Thursday, July 15, 2010

I AM the Manager

This week I’m going to share a tale with you. A tale of bad customer service by a manager – not a leader – a manager.

Recently a colleague and I went to Vero Beach to hold a couple of classes for our counterparts. We stayed over night so we brought our spouses along (separate rooms of course). The hotel we had reservations at was a nice one, not upscale but a very comfortable business and travel site. When we checked in we were given wonderful service by the woman at the desk (Betty). She was friendly, accommodating, and would do anything she could to make our stay memorable. I was thoroughly impressed.

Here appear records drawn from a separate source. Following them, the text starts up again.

theorem lemma4p9:
  fixes u l :: "nat \<Rightarrow> nat" and n x :: nat
  assumes "sturmian u"
    and "left_special_seq u l"
    and "n > 1"
    and "x \<in> {0, 1}"
    and "significant u (x # Lblock l (n - 1))"
  shows "HB_arrow u (x # Lblock l (n - 1)) (x # Lblock l n)"
proof -
  have left_special: "0 # Lblock l k \<in> lang u" "1 # Lblock l k \<in> lang u" for k
    using assms(2) by (simp_all add: left_special_seq_def)
  have "Lblock l n \<noteq> []" using assms(3) by (simp add: Lblock_def)
  then have "significant u (x # Lblock l n)"
    using significant_Cons_left_special[OF assms(1) _ left_special assms(4)] by blast
  moreover have "(x # Lblock l (n - 1)) @ [l n] = x # Lblock l n"
    using assms(3) by (cases n) (simp_all add: Lblock_def)
  moreover have "x # Lblock l n \<in> lang u" using left_special assms(4) by auto
  ultimately show ?thesis
    unfolding HB_arrow_def using assms(5) by (auto intro!: exI[of _ "l n"] simp: sig_eq_self)
qed

end
(* Let $p,q\geq1$ be integers, $\alpha_0=\arctan\sqrt{q/p}$ and $P_0=(\alpha_0,\alpha_0)$. Let $(\vartheta(s),\alpha(s))$ be a trajectory of the differential system $$\dot\vartheta=3\sin\vartheta\cos\vartheta\sin(\alpha-\vartheta),\qquad \dot\alpha=q\cos\alpha\cos\vartheta-p\sin\alpha\sin\vartheta,$$ and suppose that for some $s_0$ one has $0<\vartheta(s_0)<\pi/2$ and $\vartheta(s_0)-\pi/2\leq\alpha(s_0)\leq\vartheta(s_0)+\pi/2$. Then $\lim_{s\to+\infty}(\vartheta(s),\alpha(s))=P_0$. *)

theory Defs
  imports "HOL-Analysis.Analysis"
begin

end

theory Submission
  imports Defs
begin

text \<open>
  Put u = \<alpha> - \<theta>. The function W = sin^q \<theta> cos^p \<theta> cos^3 u is a Lyapunov function: along
  trajectories W' = 3 (p + q + 3) sin^(q+1) \<theta> cos^(p+1) \<theta> sin^2 u cos^2 u, which is nonnegative
  while 0 \<le> \<theta> \<le> \<pi>/2. Since the field points strictly inwards on the edges u = \<plusminus>\<pi>/2, a moment
  later the trajectory lies in the open region, where W > 0. From then on W stays above that value,
  which traps \<theta> in (0, \<pi>/2) and u in (-\<pi>/2, \<pi>/2) and keeps sin \<theta>, cos \<theta>, cos u away from 0.
  Being monotone and bounded, W converges, so Barbalat's lemma (W' is uniformly continuous) gives
  W' \<rightarrow> 0 and hence u \<rightarrow> 0. Barbalat again gives u' \<rightarrow> 0, so \<alpha>' = u' + \<theta>' \<rightarrow> 0; as
  \<alpha>' = q cos^2 \<theta> - p sin^2 \<theta> + O(u), this forces sin^2 \<theta> \<rightarrow> q / (p + q), i.e. \<theta> and \<alpha> tend
  to arctan \<surd>(q/p).
\<close>

section \<open>Bounded Lipschitz functions\<close>

lemma lipschitz_on_sin: "1-lipschitz_on UNIV (sin :: real \<Rightarrow> real)"
proof (rule lipschitz_onI)
  fix x y :: real
  have "\<bar>sin x - sin y\<bar> = 2 * \<bar>sin ((x - y) / 2)\<bar> * \<bar>cos ((x + y) / 2)\<bar>"
    by (simp add: sin_diff_sin abs_mult)
  also have "\<dots> \<le> 2 * \<bar>(x - y) / 2\<bar> * 1"
    by (intro mult_mono abs_sin_x_le_abs_x) auto
  finally show "dist (sin x) (sin y) \<le> 1 * dist x y" by (simp add: dist_real_def)
qed simp

lemma lipschitz_on_cos: "1-lipschitz_on UNIV (cos :: real \<Rightarrow> real)"
proof (rule lipschitz_onI)
  fix x y :: real
  have "\<bar>cos x - cos y\<bar> = 2 * \<bar>sin ((x + y) / 2)\<bar> * \<bar>sin ((y - x) / 2)\<bar>"
    by (simp add: cos_diff_cos abs_mult)
  also have "\<dots> \<le> 2 * 1 * \<bar>(y - x) / 2\<bar>"
    by (intro mult_mono abs_sin_x_le_abs_x) auto
  finally show "dist (cos x) (cos y) \<le> 1 * dist x y" by (simp add: dist_real_def)
qed simp

lemma lipschitz_on_UNIV_if_derivative_bounded:
  fixes f :: "real \<Rightarrow> real"
  assumes "\<And>x. (f has_real_derivative f' x) (at x)" and "\<And>x. \<bar>f' x\<bar> \<le> M"
  shows "M-lipschitz_on UNIV f"
proof (rule bounded_derivative_imp_lipschitz)
  show "(f has_derivative (\<lambda>h. f' x * h)) (at x within UNIV)" for x
    using assms(1) by (simp add: has_field_derivative_imp_has_derivative)
  show "onorm (\<lambda>h. f' x * h) \<le> M" for x
  proof -
    have "(\<lambda>h. f' x * h) = (\<lambda>h. h * f' x)" by (simp add: mult.commute)
    then show ?thesis using onorm_scaleR_left[of "\<lambda>h::real. h" "f' x"] assms(2)[of x] by (simp add: onorm_id)
  qed
  show "0 \<le> M" using assms(2)[of 0] by simp
qed simp

definition bounded_lipschitz :: "('a::metric_space \<Rightarrow> real) \<Rightarrow> bool" where
  "bounded_lipschitz f \<longleftrightarrow> (\<exists>L. L-lipschitz_on UNIV f) \<and> (\<exists>B. \<forall>x. \<bar>f x\<bar> \<le> B)"

lemma bounded_lipschitz_const: "bounded_lipschitz (\<lambda>x. c)"
  unfolding bounded_lipschitz_def by (blast intro: lipschitz_on_constant)

lemma bounded_lipschitz_add:
  assumes "bounded_lipschitz f" "bounded_lipschitz g"
  shows "bounded_lipschitz (\<lambda>x. f x + g x)"
proof -
  obtain L M B C where "L-lipschitz_on UNIV f" "M-lipschitz_on UNIV g" "\<And>x. \<bar>f x\<bar> \<le> B" "\<And>x. \<bar>g x\<bar> \<le> C"
    using assms unfolding bounded_lipschitz_def by blast
  then have "(L + M)-lipschitz_on UNIV (\<lambda>x. f x + g x)" "\<bar>f x + g x\<bar> \<le> B + C" for x
    by (auto intro: lipschitz_on_add abs_triangle_ineq[THEN order_trans] add_mono)
  then show ?thesis unfolding bounded_lipschitz_def by blast
qed

lemma bounded_lipschitz_minus:
  assumes "bounded_lipschitz f"
  shows "bounded_lipschitz (\<lambda>x. - f x)"
  using assms unfolding bounded_lipschitz_def by auto

lemma bounded_lipschitz_diff:
  assumes "bounded_lipschitz f" "bounded_lipschitz g"
  shows "bounded_lipschitz (\<lambda>x. f x - g x)"
  using bounded_lipschitz_add[OF assms(1) bounded_lipschitz_minus[OF assms(2)]] by simp

lemma bounded_lipschitz_mult:
  assumes "bounded_lipschitz f" "bounded_lipschitz g"
  shows "bounded_lipschitz (\<lambda>x. f x * g x)"
proof -
  obtain L M B C where f: "L-lipschitz_on UNIV f" "\<And>x. \<bar>f x\<bar> \<le> B"
    and g: "M-lipschitz_on UNIV g" "\<And>x. \<bar>g x\<bar> \<le> C"
    using assms unfolding bounded_lipschitz_def by blast
  have "0 \<le> B" "0 \<le> C" using f(2) g(2) by (meson abs_ge_zero order_trans)+
  have "(B * M + C * L)-lipschitz_on UNIV (\<lambda>x. f x * g x)"
  proof (rule lipschitz_onI)
    fix x y
    have "f x * g x - f y * g y = f x * (g x - g y) + g y * (f x - f y)"
      by (simp add: algebra_simps)
    then have "\<bar>f x * g x - f y * g y\<bar> \<le> \<bar>f x\<bar> * \<bar>g x - g y\<bar> + \<bar>g y\<bar> * \<bar>f x - f y\<bar>"
      by (metis abs_mult abs_triangle_ineq)
    also have "\<dots> \<le> B * (M * dist x y) + C * (L * dist x y)"
      using lipschitz_onD[OF f(1)] lipschitz_onD[OF g(1)] \<open>0 \<le> B\<close> \<open>0 \<le> C\<close>
      by (intro add_mono mult_mono f(2) g(2)) (auto simp: dist_real_def)
    finally show "dist (f x * g x) (f y * g y) \<le> (B * M + C * L) * dist x y"
      by (simp add: dist_real_def algebra_simps)
  qed (use \<open>0 \<le> B\<close> \<open>0 \<le> C\<close> lipschitz_on_nonneg[OF f(1)] lipschitz_on_nonneg[OF g(1)] in simp)
  moreover have "\<bar>f x * g x\<bar> \<le> B * C" for x
    unfolding abs_mult using \<open>0 \<le> B\<close> by (intro mult_mono f(2) g(2)) auto
  ultimately show ?thesis unfolding bounded_lipschitz_def by blast
qed

lemma bounded_lipschitz_power:
  "bounded_lipschitz f \<Longrightarrow> bounded_lipschitz (\<lambda>x. f x ^ n)"
  by (induction n) (simp_all add: bounded_lipschitz_const bounded_lipschitz_mult)

lemma bounded_lipschitz_compose:
  assumes "K-lipschitz_on UNIV g" and "\<And>y. \<bar>g y\<bar> \<le> B" and "L-lipschitz_on UNIV f"
  shows "bounded_lipschitz (\<lambda>x. g (f x))"
proof -
  have "(K * L)-lipschitz_on UNIV (\<lambda>x. g (f x))"
    using lipschitz_on_compose[OF assms(3) lipschitz_on_subset[OF assms(1)]] by (simp add: o_def)
  then show ?thesis unfolding bounded_lipschitz_def using assms(2) by blast
qed

lemma bounded_lipschitz_sin: "L-lipschitz_on UNIV f \<Longrightarrow> bounded_lipschitz (\<lambda>x. sin (f x))"
  by (rule bounded_lipschitz_compose[OF lipschitz_on_sin abs_sin_le_one])
(* Let $\mathbb{K}$ be a field, $C$ a coseparable coalgebra, and $P_e(B,C,\psi)$ an $e$-copointed $(P,C)_\psi$-extension with bijective entwining map $\psi$. If there exists a colifting of the translation map $\tilde\tau:C\to P\otimes P$, then the canonical map $\mathrm{can}:P\otimes_BP\to P\otimes C$ is bijective and $P^C_e(B)$ is a principal $C$-coalgebra Galois extension.
   Context: A coalgebra $C$ is coseparable if there is a $(C,C)$-bicolinear map $\delta:C\otimes C\to C$ with $\delta\circ\Delta=\mathrm{id}_C$. An entwining structure $(P,C)_\psi$: algebra $P$, coalgebra $C$, linear $\psi:C\otimes P\to P\otimes C$, $\psi(c\otimes p)=p_\alpha\otimes c^\alpha$, with $\psi(c\otimes pq)=p_\alpha q_\beta\otimes c^{\alpha\beta}$, $\psi(c\otimes1)=1\otimes c$, $p_\alpha\otimes c^\alpha{}_{(1)}\otimes c^\alpha{}_{(2)}=p_{\alpha\beta}\otimes c_{(1)}{}^\beta\otimes c_{(2)}{}^\alpha$, $p_\alpha\varepsilon(c^\alpha)=\varepsilon(c)p$. $P(B,C,\psi)$ (a $(P,C)_\psi$-extension) means $P$ has a right $C$-coaction $\rho^C(p)=p_{(0)}\otimes p_{(1)}$ with $\rho^C(pq)=p_{(0)}\psi(p_{(1)}\otimes q)$ and $B=P^{\mathrm{co}C}=\{b:\rho^C(bp)=b\rho^C(p)\ \forall p\}$; it is $e$-copointed, for a grouplike $e\in C$, if $\rho^C(p)=\psi(e\otimes p)$ for all $p$. The canonical map is $p\otimes_Bp'\mapsto pp'_{(0)}\otimes p'_{(1)}$; a colifting of the translation map is a linear $\tilde\tau:C\to P\otimes P$, $c\mapsto c^{\tilde{[1]}}\otimes c^{\tilde{[2]}}$, with $c^{\tilde{[1]}}c^{\tilde{[2]}}{}_{(0)}\otimes c^{\tilde{[2]}}{}_{(1)}=1_P\otimes c$. Writing $\psi^{-1}$ for the inverse, the left $C$-coaction induced by $\psi$ is ${}^{C_\psi}\rho(p)=\psi^{-1}(p\otimes e)$. A strong connection form is a linear $\ell:C\to P\otimes P$ with $\ell(e)=1\otimes1$, $\widetilde{\mathrm{can}}(\ell(c))=1\otimes c$ (where $\widetilde{\mathrm{can}}(p\otimes p')=pp'_{(0)}\otimes p'_{(1)}$), $(P\otimes\rho^C)\circ\ell=(\ell\otimes C)\circ\Delta$ and $({}^{C_\psi}\rho\otimes P)\circ\ell=(C\otimes\ell)\circ\Delta$. An $e$-copointed $C$-coalgebra Galois extension $P^C_e(B)$ (canonical map bijective) is principal if the canonical entwining $\psi_{\mathrm{can}}(c\otimes p)=\mathrm{can}(\mathrm{can}^{-1}(1\otimes c)p)$ is bijective and a strong connection form exists. *)

theory Defs
  imports "HOL-Library.Poly_Mapping"
begin
(* Let $K\ge1$, $T\ge1$ and let $\ell_1,\dots,\ell_T\in[0,1]^K$. Then the regret of AdaHedge satisfies \[ \mathcal{R}^{\mathrm{ah}}_T\le 2\sqrt{V^{\mathrm{ah}}_T\ln K}+\tfrac43\ln K+2. \]
   Context: Hedge setting: $K$ experts; in round $t$ the learner chooses a probability vector $w_t$, then $\ell_t$ is revealed and the learner suffers $h_t=\sum_kw_{t,k}\ell_{t,k}$. Write $L_{t,k}=\sum_{s=1}^t\ell_{s,k}$ ($L_{0,k}=0$), $L^*_t=\min_kL_{t,k}$, $H_T=\sum_{t\le T}h_t$, regret $\mathcal{R}_T=H_T-L^*_T$. Exponential weights with learning rate $\eta\in(0,\infty]$ at time $t$: $w_{t,k}=e^{-\eta L_{t-1,k}}/\sum_je^{-\eta L_{t-1,j}}$ if $\eta<\infty$; for $\eta=\infty$, $w_t$ is uniform on $\{k:L_{t-1,k}=L^*_{t-1}\}$. With learning rate $\eta_t$ in round $t$: mix loss $m_t=-\frac1{\eta_t}\ln\sum_kw_{t,k}e^{-\eta_t\ell_{t,k}}$ if $\eta_t<\infty$, $m_t=L^*_t-L^*_{t-1}$ if $\eta_t=\infty$; mixability gap $\delta_t=h_t-m_t$; loss variance $v_t=\sum_kw_{t,k}(\ell_{t,k}-h_t)^2$. AdaHedge: $\Delta^{\mathrm{ah}}_0=0$; in round $t$, $\eta^{\mathrm{ah}}_t=\ln K/\Delta^{\mathrm{ah}}_{t-1}$ ($=\infty$ if $\Delta^{\mathrm{ah}}_{t-1}=0$), weights are exponential weights with learning rate $\eta^{\mathrm{ah}}_t$ from $L_{t-1}$, and $\Delta^{\mathrm{ah}}_t=\Delta^{\mathrm{ah}}_{t-1}+\delta^{\mathrm{ah}}_t$. $V^{\mathrm{ah}}_T=\sum_{t=1}^Tv^{\mathrm{ah}}_t$ is the cumulative loss variance of AdaHedge's weights and $\mathcal{R}^{\mathrm{ah}}_T$ its regret. *)

theory Defs
  imports Complex_Main "HOL-Library.Extended_Real"
begin
definition Lneg :: "fm set \<Rightarrow> fm set" where
  "Lneg X = cls (Neg (rep X))"

definition Lplus :: "fm set \<Rightarrow> fm set \<Rightarrow> fm set" where
  "Lplus X Y = cls (Imp (Neg (rep X)) (rep Y))"

definition Lzero :: "fm set" where
  "Lzero = cls (Imp One One)"

definition Lone :: "fm set" where
  "Lone = cls One"

definition mv_pos :: "('a \<Rightarrow> 'a \<Rightarrow> 'a) \<Rightarrow> ('a \<Rightarrow> 'a) \<Rightarrow> 'a \<Rightarrow> 'a \<Rightarrow> 'a" where
  "mv_pos pl ng o1 x = pl o1 (pl (ng o1) x)"

definition mv_ngt :: "('a \<Rightarrow> 'a \<Rightarrow> 'a) \<Rightarrow> ('a \<Rightarrow> 'a) \<Rightarrow> 'a \<Rightarrow> 'a \<Rightarrow> 'a" where
  "mv_ngt pl ng o1 x = pl (ng o1) (pl o1 x)"

definition mv_join :: "('a \<Rightarrow> 'a \<Rightarrow> 'a) \<Rightarrow> ('a \<Rightarrow> 'a) \<Rightarrow> 'a \<Rightarrow> 'a \<Rightarrow> 'a \<Rightarrow> 'a" where
  "mv_join pl ng o1 x y =
     (let xp = mv_pos pl ng o1 x; yp = mv_pos pl ng o1 y;
          xm = mv_ngt pl ng o1 x; ym = mv_ngt pl ng o1 y
      in pl (pl xp (mv_pos pl ng o1 (pl (ng xp) yp)))
            (pl xm (mv_pos pl ng o1 (pl (ng xm) ym))))"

Since my partner and I were going to be heading to class at about 6:45a.m. (ugh), we asked that we be allowed a late check-out. Betty said that we could have until 1:00p.m. – that’s all that she could authorize. Well that was much better than 11:00 so we said that would be great, and thanked her. Then one small omittance brought about our customer service snafu. Betty recorded my late check-out in the turnover book, but forgot to record my teaching partners. Oh-oh.

The next day my wife had no problem, however the other party did. He was called at 12:00 and told he had to get out (in not so many words). When he went to the front desk to sort the issue out, he was greeted with rudeness. He asked to talk to a supervisor and was told by the gentleman he was speaking to that, “I AM the manager. Long story short, nothing changed – no apology, no concession - just get out.

Because of that ONE person - and the manager at that - none of us will ever stay at that particular hotel again.

In any service organization all staff should be constantly asking themselves, “How can I make these customers’ experiences better than from other places or better than they were the last time?”

Remember that “Everything Speaks”. Everything the customer sees, hears, smells, tastes, or touches will impact their experience with you. It’s a darn shame when the only “bad taste” comes from a correctable predicament made worse by management – the very person(s) that you’d expect to make things better.

As they teach at the Disney Institute, (even though this time the guest WAS right) “Guests may not always be right, but they are always our guests.”